DATA FOR THIS EXERCISE:
↓
lemma witness_prefix_in_lists: "witness_prefix i \<in> lists Sigma3"
  unfolding witness_prefix_def using witness_letters_in_Sigma3
  by (simp add: in_lists_conv_set set_replicate_conv_if)

text \<open>Taking \<open>j = i2 + 1\<close> makes the unique \<open>m\<close> with \<open>L_count j = m + j + 2\<close> at least \<open>i2\<close>,
  so both prefixes can be extended by the same suffix, only the first one to \<open>witness m j\<close>.\<close>

lemma witness_prefixes_distinguishable:
  assumes "i1 < i2"
  shows "\<exists>s\<in>lists Sigma3.
    witness_prefix i1 @ s \<in> addition_words \<and> witness_prefix i2 @ s \<notin> addition_words"
proof -
  define j where "j = Suc i2"
  define m where "m = L_count j - j - 2"
  have m: "L_count j = m + j + 2" "i2 \<le> m"
    using L_count_lower_bound[of j] unfolding m_def j_def by simp_all
  define s :: "digit_triple list" where "s = replicate (m - i1) (Some 2, None, Some 0)
      @ (Some 2, Some 1, Some 0) # replicate j (Some 2, Some 0, Some 0)"
  have prefix_s: "witness_prefix i @ s = witness (i + (m - i1)) j" for i
    unfolding s_def witness_def witness_prefix_def by (simp add: replicate_add)
  show ?thesis
  proof (intro bexI conjI)
    show "witness_prefix i1 @ s \<in> addition_words"
      unfolding prefix_s witness_in_addition_words_iff using m assms by simp
    show "witness_prefix i2 @ s \<notin> addition_words"
      unfolding prefix_s witness_in_addition_words_iff using m assms by simp
    show "s \<in> lists Sigma3"
      unfolding s_def using witness_letters_in_Sigma3
      by (simp add: in_lists_conv_set set_replicate_conv_if)
  qed
qed

section \<open>Finite automata\<close>

lemma fold_transition_closed:
  assumes "\<forall>q\<in>Q. \<forall>a\<in>\<Sigma>. \<delta> q a \<in> Q" and "q \<in> Q" and "w \<in> lists \<Sigma>"
  shows "fold (\<lambda>a q. \<delta> q a) w q \<in> Q"
  using assms(2,3) by (induction w arbitrary: q) (use assms(1) in auto)

lemma regular_over_indistinguishable_prefixes:
  assumes "regular_over \<Sigma> A" and "\<forall>i. p i \<in> lists \<Sigma>"
  obtains i1 i2 :: nat where "i1 < i2" "\<forall>s\<in>lists \<Sigma>. p i1 @ s \<in> A \<longleftrightarrow> p i2 @ s \<in> A"
proof -
  obtain Q :: "nat set" and q0 \<delta> F
    where Q: "finite Q" "q0 \<in> Q" "\<forall>q\<in>Q. \<forall>a\<in>\<Sigma>. \<delta> q a \<in> Q"
    and A: "A = {w \<in> lists \<Sigma>. fold (\<lambda>a q. \<delta> q a) w q0 \<in> F}"
    using assms(1) unfolding regular_over_def by blast
  define state where "state i = fold (\<lambda>a q. \<delta> q a) (p i) q0" for i
  have "range state \<subseteq> Q"
    using fold_transition_closed[OF Q(3,2)] assms(2) unfolding state_def by auto
  then have "\<not> inj state"
    using Q(1) finite_imageD finite_subset infinite_UNIV_nat by blast
  then obtain i1 i2 where "i1 < i2" "state i1 = state i2"
    unfolding inj_def by (metis linorder_neqE_nat)
  moreover have "\<forall>s\<in>lists \<Sigma>. p i1 @ s \<in> A \<longleftrightarrow> p i2 @ s \<in> A"
    using \<open>state i1 = state i2\<close> assms(2) unfolding A state_def by auto
  ultimately show ?thesis using that by blast
qed

theorem mainTheorem10:
  shows "\<not> Z_recognizable {(x, y, x + y) | x y :: nat. True}"
proof
  assume "Z_recognizable {(x, y, x + y) | x y :: nat. True}"
  moreover have "{rep3 n1 n2 n3 | n1 n2 n3. (n1, n2, n3) \<in> {(x, y, x + y) | x y :: nat. True}}
      = addition_words"
    unfolding addition_words_def by blast
  ultimately have "regular_over Sigma3 addition_words" unfolding Z_recognizable_def by simp
  moreover have "\<forall>i. witness_prefix i \<in> lists Sigma3" using witness_prefix_in_lists by blast
  ultimately obtain i1 i2 where "i1 < i2"
    "\<forall>s\<in>lists Sigma3.
      witness_prefix i1 @ s \<in> addition_words \<longleftrightarrow> witness_prefix i2 @ s \<in> addition_words"
    by (rule regular_over_indistinguishable_prefixes)
  then show False using witness_prefixes_distinguishable by blast
qed

end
↑
ACTION ITEM: Keep to the lines from the one containing "Z_recognizable_def by simp" to the end of the entries above, and retype them exactly.

SOLUTION FOR THIS PROBLEM:
  ultimately have "regular_over Sigma3 addition_words" unfolding Z_recognizable_def by simp
  moreover have "\<forall>i. witness_prefix i \<in> lists Sigma3" using witness_prefix_in_lists by blast
  ultimately obtain i1 i2 where "i1 < i2"
    "\<forall>s\<in>lists Sigma3.
      witness_prefix i1 @ s \<in> addition_words \<longleftrightarrow> witness_prefix i2 @ s \<in> addition_words"
    by (rule regular_over_indistinguishable_prefixes)
  then show False using witness_prefixes_distinguishable by blast
qed

end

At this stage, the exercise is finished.